## Problem to work on
Check each line of the entries below for the word "metis", then state how many lines have it and nothing more.

===== Supplied records

lemma triangularizable3_similar:
  "similar3 A B \<Longrightarrow> triangularizable3 B \<Longrightarrow> triangularizable3 A"
  unfolding triangularizable3_def by (metis similar3_trans)

lemma sigmas_vanish_similar:
  assumes "similar3 A B" "sigmas_vanish A"
  shows "sigmas_vanish B"
proof -
  obtain A1 A2 A3 B1 B2 B3 where "A = (A1, A2, A3)" "B = (B1, B2, B3)"
    by (metis prod.collapse)
  with assms show ?thesis
    unfolding similar3_def sigmas_vanish_def by (auto simp: sigma_conjugate)
qed

text \<open>The row vector (c, d) X = (c X11 + d X21, c X12 + d X22) is parallel to (c, d).\<close>
definition left_eigvec :: "cmat2 \<Rightarrow> complex \<Rightarrow> complex \<Rightarrow> bool" where
  "left_eigvec X c d \<longleftrightarrow>
    (c, d) \<noteq> (0, 0) \<and> c * (c * X$1$2 + d * X$2$2) = d * (c * X$1$1 + d * X$2$1)"

lemma left_eigvec_mat2:
  "left_eigvec (mat2 p q r s) c d \<longleftrightarrow> (c, d) \<noteq> (0, 0) \<and> c * (c * q + d * s) = d * (c * p + d * r)"
  unfolding left_eigvec_def by simp

lemma left_eigvec_exists: "\<exists>c d. left_eigvec X c d"
proof (cases "X$1$2 = 0")
  case True
  then show ?thesis
    unfolding left_eigvec_def by (intro exI[of _ 1] exI[of _ 0]) simp
next
  case False
  define e where "e = X$1$1 - X$2$2"
  define w where "w = csqrt (e^2 + 4 * X$1$2 * X$2$1)"
  define c where "c = (e + w) / (2 * X$1$2)"
  have "w^2 = e^2 + 4 * X$1$2 * X$2$1"
    unfolding w_def by simp
  then have "X$1$2 * c^2 - e * c - X$2$1 = 0"
    using False unfolding c_def by (simp add: field_simps power2_eq_square)
  then have "left_eigvec X c 1"
    unfolding left_eigvec_def e_def by (simp add: algebra_simps power2_eq_square)
  then show ?thesis by blast
qed

lemma row_extends_to_invertible:
  assumes "(c, d) \<noteq> (0, 0)"
  shows "\<exists>a b. invertible (mat2 a b c d)"
proof (cases "d = 0")
  case True
  with assms show ?thesis
    unfolding invertible_mat2 by (intro exI[of _ 0] exI[of _ 1]) simp
next
  case False
  then show ?thesis
    unfolding invertible_mat2 by (intro exI[of _ 1] exI[of _ 0]) simp
qed

lemma conjugate_mat2_lower_left:
  assumes "invertible (mat2 a b c d)"
  shows "(mat2 a b c d ** X ** matrix_inv (mat2 a b c d))$2$1 * (a*d - b*c) =
    d * (c * X$1$1 + d * X$2$1) - c * (c * X$1$2 + d * X$2$2)"
proof -
  let ?P = "mat2 a b c d"
  obtain p q r s where X: "X = mat2 p q r s"
    using cmat2_eq_mat2 by blast
  obtain y11 y12 y21 y22 where Y: "?P ** mat2 p q r s ** matrix_inv ?P = mat2 y11 y12 y21 y22"
    using cmat2_eq_mat2 by blast
  then have "?P ** mat2 p q r s = mat2 y11 y12 y21 y22 ** ?P"
    by (simp add: conjugate_eq_iff[OF assms])
  then have "y21 * a + y22 * c = c * p + d * r" "y21 * b + y22 * d = c * q + d * s"
    by (simp_all add: mat2_mult_mat2 mat2_eq_iff)
  then show ?thesis
    unfolding X Y by simp algebra
qed

lemma upper_tri_conjugate_iff:
  assumes "invertible (mat2 a b c d)"
  shows "upper_tri (mat2 a b c d ** X ** matrix_inv (mat2 a b c d)) \<longleftrightarrow> left_eigvec X c d"
proof -
  have "a*d - b*c \<noteq> 0" "(c, d) \<noteq> (0, 0)"
    using assms by (auto simp: invertible_mat2)
  then show ?thesis
    using conjugate_mat2_lower_left[OF assms, of X]
    unfolding upper_tri_def left_eigvec_def by auto
qed

text \<open>If (u, v) is a left eigenvector of P X P^-1, complete it to an invertible Q;
  then Q P triangularizes X, so the bottom row (u, v) P of Q P is a left eigenvector of X.\<close>
lemma left_eigvec_conjugate:
  assumes P: "invertible (mat2 a b c d)"
    and "left_eigvec (mat2 a b c d ** X ** matrix_inv (mat2 a b c d)) u v"
  shows "left_eigvec X (u * a + v * c) (u * b + v * d)"
proof -
  let ?P = "mat2 a b c d"
  obtain a' b' where Q: "invertible (mat2 a' b' u v)"
    using assms(2) row_extends_to_invertible unfolding left_eigvec_def by blast
  let ?QP = "mat2 (a' * a + b' * c) (a' * b + b' * d) (u * a + v * c) (u * b + v * d)"
  have QP: "mat2 a' b' u v ** ?P = ?QP"
    by (simp add: mat2_mult_mat2)
  have "upper_tri (mat2 a' b' u v ** (?P ** X ** matrix_inv ?P) ** matrix_inv (mat2 a' b' u v))"
    using assms(2) by (simp add: upper_tri_conjugate_iff[OF Q])
  then have "upper_tri (?QP ** X ** matrix_inv ?QP)"
    by (simp add: conjugate_conjugate[OF P Q] QP)
  moreover have "invertible ?QP"
    using invertible_mult[OF Q P] QP by simp
  ultimately show ?thesis
    using upper_tri_conjugate_iff by blast
qed

lemma triangularizable3_if_common_left_eigvec:
  assumes "left_eigvec A1 c d" "left_eigvec A2 c d" "left_eigvec A3 c d"
  shows "triangularizable3 (A1, A2, A3)"
proof -
  obtain a b where P: "invertible (mat2 a b c d)"
    using assms(1) row_extends_to_invertible unfolding left_eigvec_def by blast
  let ?C = "\<lambda>X. mat2 a b c d ** X ** matrix_inv (mat2 a b c d)"
  have "similar3 (A1, A2, A3) (?C A1, ?C A2, ?C A3)" "upper_tri3 (?C A1, ?C A2, ?C A3)"
    using similar3_conjugate[OF P] assms by (auto simp: upper_tri3_def upper_tri_conjugate_iff[OF P])
  then show ?thesis
    unfolding triangularizable3_def by blast
qed

lemma similar3_upper_first: "\<exists>p q s B2 B3. similar3 (A1, A2, A3) (mat2 p q 0 s, B2, B3)"
proof -
  obtain c d where "left_eigvec A1 c d"
    using left_eigvec_exists by blast
  moreover obtain a b where P: "invertible (mat2 a b c d)"
    using calculation row_extends_to_invertible unfolding left_eigvec_def by blast
  ultimately have "upper_tri (mat2 a b c d ** A1 ** matrix_inv (mat2 a b c d))"
    by (simp add: upper_tri_conjugate_iff)
  then show ?thesis
    using similar3_conjugate[OF P] unfolding upper_tri_def by (metis cmat2_eq_mat2)
qed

==========

## Task result
3